Extended Data Figure 10: Treg cells require the LKB1–β-catenin signalling axis to enforce their functional fitness in maintaining immune homeostasis.
From: Homeostatic control of metabolic and functional fitness of Treg cells by LKB1 signalling
a, GSEA reveals the significant enrichment of the Wnt signalling gene set among the downregulated pathways in LKB1-deficient Treg cells. b, Relative expression of Ctnnb1 mRNA in activated wild-type and LKB1-deficient Treg cells. c, Expression of total and phosphorylated β-catenin in activated wild-type and LKB1-deficient Treg cells.
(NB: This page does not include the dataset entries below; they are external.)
(* There is a universal constant $C>0$ such that for all $q>2$, integers $n,p\ge1$ and $\sigma,B>0$, \[ \mathcal{E}_q(\sigma,B)\le C\min\{B,\,U^*(q,\sigma,B,p,n)\}, \] where \[ U^*(q,\sigma,B,p,n)=\begin{cases}\sigma\sqrt{\dfrac{\ln(2p)}n}, & \text{if } (B^2/\sigma^2)^{q/(q-2)}(\ln(2p)/n)\le e,\\[2ex] B\Big(\dfrac{\ln(2p)}n\Big)^{1-1/q}\Big[\ln\Big(\dfrac{B^2}{\sigma^2}\Big(\dfrac{\ln(2p)}n\Big)^{1-2/q}\Big)\Big]^{1/q-1}, & \text{if } (B^2/\sigma^2)^{q/(q-2)}(\ln(2p)/n)>e.\end{cases} \]
   Context: For independent mean-zero random vectors $\boldsymbol{X}_1,\dots,\boldsymbol{X}_n$ in $\mathbb{R}^p$ with joint law $P^n$, set $\mathcal{V}(P^n)=\max_{1\le j\le p}\frac1n\sum_{i=1}^n\mathbb{E}[X_i(j)^2]$ and $\mathcal{D}_q(P^n)=(\frac1n\sum_{i=1}^n\mathbb{E}[\max_{1\le j\le p}|X_i(j)|^q])^{1/q}$. $\mathcal{E}_q(\sigma,B)$ is the supremum of $\mathbb{E}[\max_{1\le j\le p}|\frac1n\sum_{i=1}^nX_i(j)|]$ over all such laws with $\mathcal{V}(P^n)\le\sigma^2$ and $\mathcal{D}_q(P^n)\le B$. The constant $C$ does not depend on $n,p,q,\sigma,B$. *)

theory Defs
  imports "HOL-Probability.Probability"
begin

text \<open>Independent random vectors
  X_1..X_n are represented by their marginal laws mu 0, ..., mu (n-1); their joint
  law P^n is the product measure PiM {..<n} mu.\<close>

definition vec_space :: "nat \<Rightarrow> (nat \<Rightarrow> real) measure" where
  "vec_space p = PiM {..<p} (\<lambda>_. borel)"

text \<open>Admissible families of laws: probability laws on R^p, mean zero,
  with V(P^n) \<le> sigma^2 and D_q(P^n) \<le> B (the latter written as
  (1/n) sum_i E[max_j |X_i(j)|^q] \<le> B^q).\<close>

definition admissible_laws ::
  "real \<Rightarrow> real \<Rightarrow> real \<Rightarrow> nat \<Rightarrow> nat \<Rightarrow> (nat \<Rightarrow> (nat \<Rightarrow> real) measure) set" where
  "admissible_laws q \<sigma> B p n =
    {\<mu>. (\<forall>i<n. prob_space (\<mu> i) \<and> sets (\<mu> i) = sets (vec_space p)
            \<and> (\<forall>j<p. integrable (\<mu> i) (\<lambda>x. x j) \<and> (\<integral>x. x j \<partial>\<mu> i) = 0))
       \<and> (\<forall>j<p. (\<Sum>i<n. \<integral>\<^sup>+x. ennreal ((x j)\<^sup>2) \<partial>\<mu> i) / ennreal (real n)
                  \<le> ennreal (\<sigma>\<^sup>2))
       \<and> (\<Sum>i<n. \<integral>\<^sup>+x. ennreal (Max ((\<lambda>j. \<bar>x j\<bar>) ` {..<p}) powr q) \<partial>\<mu> i)
              / ennreal (real n) \<le> ennreal (B powr q)}"

definition E_q :: "real \<Rightarrow> real \<Rightarrow> real \<Rightarrow> nat \<Rightarrow> nat \<Rightarrow> ennreal" where
  "E_q q \<sigma> B p n =
    (SUP \<mu>\<in>admissible_laws q \<sigma> B p n.
       \<integral>\<^sup>+x. ennreal (Max ((\<lambda>j. \<bar>(\<Sum>i<n. x i j) / real n\<bar>) ` {..<p}))
         \<partial>(PiM {..<n} \<mu>))"

definition U_star :: "real \<Rightarrow> real \<Rightarrow> real \<Rightarrow> nat \<Rightarrow> nat \<Rightarrow> real" where
  "U_star q \<sigma> B p n =
    (let L = ln (2 * real p) / real n; r = B\<^sup>2 / \<sigma>\<^sup>2 in
     if r powr (q / (q - 2)) * L \<le> exp 1 then \<sigma> * sqrt L
     else B * L powr (1 - 1 / q) * (ln (r * L powr (1 - 2 / q))) powr (1 / q - 1))"

end

theory Submission
  imports Defs
begin
theorem Min_n_agree_le_nu_correct:
  assumes L: "0 < L" and W: "0 \<le> W" and S: "0 < S" and s: "s \<le> S"
    and T: "T \<subseteq> {..<L}" and ks: "inj_on ks {..<S}" "\<forall>i<S. ks i < L"
  shows "real (Min (n_agree a T g ` ks ` {..<S}))
       \<le> nu_correct S s (real (card T) / (real L + 2 ^ s * W)) * (real L + 2 ^ s * W)"
proof -
  define L' where "L' = real L + 2 ^ s * W"
  define w where "w j = card (keys_with_bit a ks S j)" for j
  have L': "0 < L'" using L W by (simp add: L'_def add_pos_nonneg)
  have fT: "finite T" using T finite_subset by blast
  have w: "\<forall>j\<in>T. w j \<le> S" by (simp add: w_def card_keys_with_bit_le)
  have feasible: "lp_feasible S s (real (card T) / L') (weight_profile S L' T w)"
  proof (rule lp_feasible_weight_profile[OF fT w L' s])
    fix h assume "h \<le> s"
    moreover have "real L / 2 ^ s + W = L' / 2 ^ s" by (simp add: L'_def field_simps)
    ultimately show "real (\<Sum>j\<in>T. (w j choose h) * ((S - w j) choose (s - h)))
                   \<le> real (S choose s) * real (s choose h) * L' / 2 ^ s"
      using sum_choose_ones_le[OF T ks _ s] by (simp add: w_def)
  qed
  have "real S * real (Min (n_agree a T g ` ks ` {..<S})) \<le> (\<Sum>j\<in>T. real (max (w j) (S - w j)))"
    unfolding w_def by (rule Min_n_agree_le_sum_max[OF fT])
  also have "\<dots> = real S * (lp_objective S (weight_profile S L' T w) * L')"
    using lp_objective_weight_profile[OF fT w _ S, of L'] L' S by simp
  also have "\<dots> \<le> real S * (nu_correct S s (real (card T) / L') * L')"
    using lp_objective_le_nu_correct[OF S feasible] L' by (intro mult_left_mono mult_right_mono) auto
  finally show ?thesis using S by (simp add: L'_def)
qed

end

lemma card_exceeding_less:
  fixes f :: "nat \<Rightarrow> nat"
  assumes S: "0 < S"
    and Min_le: "\<And>ks. inj_on ks {..<S} \<Longrightarrow> \<forall>i<S. ks i < L \<Longrightarrow> real (Min (f ` ks ` {..<S})) \<le> n"
  shows "card {k. k < L \<and> real (f k) > n} < S"
proof (rule ccontr)
  let ?K = "{k. k < L \<and> real (f k) > n}"
  assume "\<not> card ?K < S"
  then obtain ks where ks: "ks ` {..<S} \<subseteq> ?K" "inj_on ks {..<S}"
    using card_le_inj[of "{..<S}" ?K] by auto
  have "Min (f ` ks ` {..<S}) \<in> f ` ks ` {..<S}" using S by (intro Min_in) auto
  then obtain i where "i < S" "Min (f ` ks ` {..<S}) = f (ks i)" by auto
  moreover have "\<forall>i<S. ks i < L" using ks(1) by auto
  ultimately have "real (f (ks i)) \<le> n" using Min_le[OF ks(2)] by simp
  moreover have "real (f (ks i)) > n" using ks(1) \<open>i < S\<close> by auto
  ultimately show False by simp
qed

theorem corollary2:
  fixes L s S :: nat and a :: "nat \<Rightarrow> nat \<Rightarrow> bool" and W \<gamma> :: real
    and T :: "nat set" and g :: "nat \<Rightarrow> bool" and ks :: "nat \<Rightarrow> nat"
  assumes L_pos: "0 < L"
    and s_ge: "2 \<le> s" and s_le: "s \<le> S"
    and W_nonneg: "0 \<le> W"
    and bound: "\<And>kk bs. inj_on kk {..<s} \<Longrightarrow> (\<forall>j<s. kk j < L) \<Longrightarrow>
                  real (card (A_set L a s kk bs)) \<le> real L / 2 ^ s + W"
    and gam: "0 < \<gamma>" "\<gamma> < 1" "\<gamma> * real L \<in> \<int>"
    and T: "T \<subseteq> {..<L}" "real (card T) = \<gamma> * real L"
    and ks: "inj_on ks {..<S}" "\<forall>i<S. ks i < L"
  shows "let L' = real L + 2 ^ s * W; \<gamma>' = \<gamma> * real L / L'; \<epsilon> = real S / real L;
             n = nu_correct S s \<gamma>' * L' in
           real (Min (n_agree a T g ` ks ` {..<S})) \<le> n \<and>
           card {k. k < L \<and> real (n_agree a T g k) > n} < S \<and>
           real (card {k. k < L \<and> real (n_agree a T g k) \<le> n}) / real L \<ge> 1 - \<epsilon>"
proof -
  interpret bit_patterns_bounded L a s W using bound by unfold_locales
  define n where "n = nu_correct S s (\<gamma> * real L / (real L + 2 ^ s * W)) * (real L + 2 ^ s * W)"
  have Min_le: "real (Min (n_agree a T g ` ks' ` {..<S})) \<le> n"
    if "inj_on ks' {..<S}" "\<forall>i<S. ks' i < L" for ks'
    using Min_n_agree_le_nu_correct[OF L_pos W_nonneg _ s_le T(1) that] s_ge s_le T(2) by (simp add: n_def)
  let ?exceeding = "{k. k < L \<and> real (n_agree a T g k) > n}"
  let ?within = "{k. k < L \<and> real (n_agree a T g k) \<le> n}"
  have fewer: "card ?exceeding < S"
    using s_ge s_le Min_le by (intro card_exceeding_less) auto
  have "?within = {..<L} - ?exceeding" by auto
  moreover have "card ?exceeding \<le> L" using card_mono[of "{..<L}" ?exceeding] by auto
  ultimately have "card ?within = L - card ?exceeding"
    by (simp add: card_Diff_subset[of _ "{..<L}"] subset_eq)
  with \<open>card ?exceeding \<le> L\<close> fewer have "real L - real S \<le> real (card ?within)"
    by (simp add: of_nat_diff)
  then have "(real L - real S) / real L \<le> real (card ?within) / real L"
    by (rule divide_right_mono) simp
  then have "1 - real S / real L \<le> real (card ?within) / real L"
    using L_pos by (simp add: diff_divide_distrib)
  then show ?thesis using Min_le[OF ks] fewer by (simp add: Let_def n_def)
qed

end
lemma Uvec_sum_sq_le_1:
  assumes "i < r"
  shows "(\<Sum>j<n. (cmod (Uvec r n g i \<omega> $ j))\<^sup>2) \<le> 1"
proof -
  let ?us = "gram_schmidt n (map (\<lambda>i'. Gvec n g i' \<omega>) [0..<r])"
  have "i < length ?us"
    using assms by (simp add: gram_schmidt_def length_gram_schmidt_sub)
  then have "?us ! i \<in> set ?us"
    by (rule nth_mem)
  moreover have "set ?us \<subseteq> carrier_vec n"
    unfolding gram_schmidt_def set_rev by (rule gram_schmidt_sub_carrier) (auto simp: Gvec_def)
  ultimately have "dim_vec (?us ! i) = n"
    by auto
  then show ?thesis
    using sum_sq_normalize_vec_le_1[of "?us ! i"] by (simp add: Uvec_def)
qed

lemma abs_eig_desc_Xtilde_orth_le:
  assumes "\<forall>j<n. \<bar>d n j\<bar> \<le> D" and "j < n"
  shows "\<bar>eig_desc (Xtilde True n d r \<theta> g \<omega>) ! j\<bar> \<le> D + (\<Sum>i<r. \<bar>\<theta> i\<bar>)"
proof -
  have "\<bar>eig_desc (Xtilde True n d r \<theta> g \<omega>) ! j\<bar>
      \<le> D + (\<Sum>i<r. \<bar>\<theta> i\<bar> * (\<Sum>j<n. (cmod (Uvec r n g i \<omega> $ j))\<^sup>2))"
    using abs_eig_desc_perturbed_le[OF assms, of r \<theta> 1 "\<lambda>i. Uvec r n g i \<omega>"]
    by (simp add: Xtilde_def)
  also have "\<dots> \<le> D + (\<Sum>i<r. \<bar>\<theta> i\<bar>)"
    by (intro add_left_mono sum_mono mult_left_le Uvec_sum_sq_le_1) auto
  finally show ?thesis .
qed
Right, relative phosphorylation of β-catenin normalized by total β-catenin. d, ChIP and real-time PCR analysis of β-catenin-bound DNA of the Pdcd1 locus from activated Foxp3cre-ERT2Stk11fl/+ and Foxp3cre-ERT2Stk11fl/fl Treg cells (following in vivo tamoxifen treatment) (n = 4 each group). e, Mean fluorescence intensity (MFI) of GITR and CD25 expression on wild-type and Foxp3creStk11fl/fl Treg cells transduced with control retrovirus (RV) or mutant β-catenin-expressing retrovirus (β-cat-RV) (n = 3 each group). f, MFI of PD-1, GITR and CD25 expression on Foxp3cre-ERT2Stk11fl/+ (n = 5) and Foxp3cre-ERT2Stk11fl/fl (n = 4) Treg cells (following in vivo tamoxifen treatment) transduced with control RV or β-cat-RV. g, Expression of PD-L2, CD80 and CD86 on DCs co-cultured with wild-type or LKB1-deficient Treg cells transduced with RV or β-cat-RV. Numbers above graphs indicate the MFI. Data are representative of one (a) or two (b–g) independent experiments. Data are mean ± s.e.m. P values are determined by two-tailed Student’s t-test (d) or two-way ANOVA (e, f). NS, not significant; **P < 0.005, ***P < 0.0005. h, Schematics of LKB1 signalling in the regulation of Treg cell function and immune homeostasis. LKB1 signalling in Treg cells establishes metabolic and homeostatic fitness required for preventing undesired immune responses through selectively controlling the expression of inhibitory regulators, including PD-1, GITR and OX40. Consequently, uncontrolled expression of PD-1 and possible other receptors impairs the capability of Treg cells in suppressing TH2 immune responses triggered by TSLP-induced PD-L2+ DCs. Although not depicted here, IL-4 contributes to the induction of PD-L2 on DCs and the amplification of TH2-mediated immunopathology.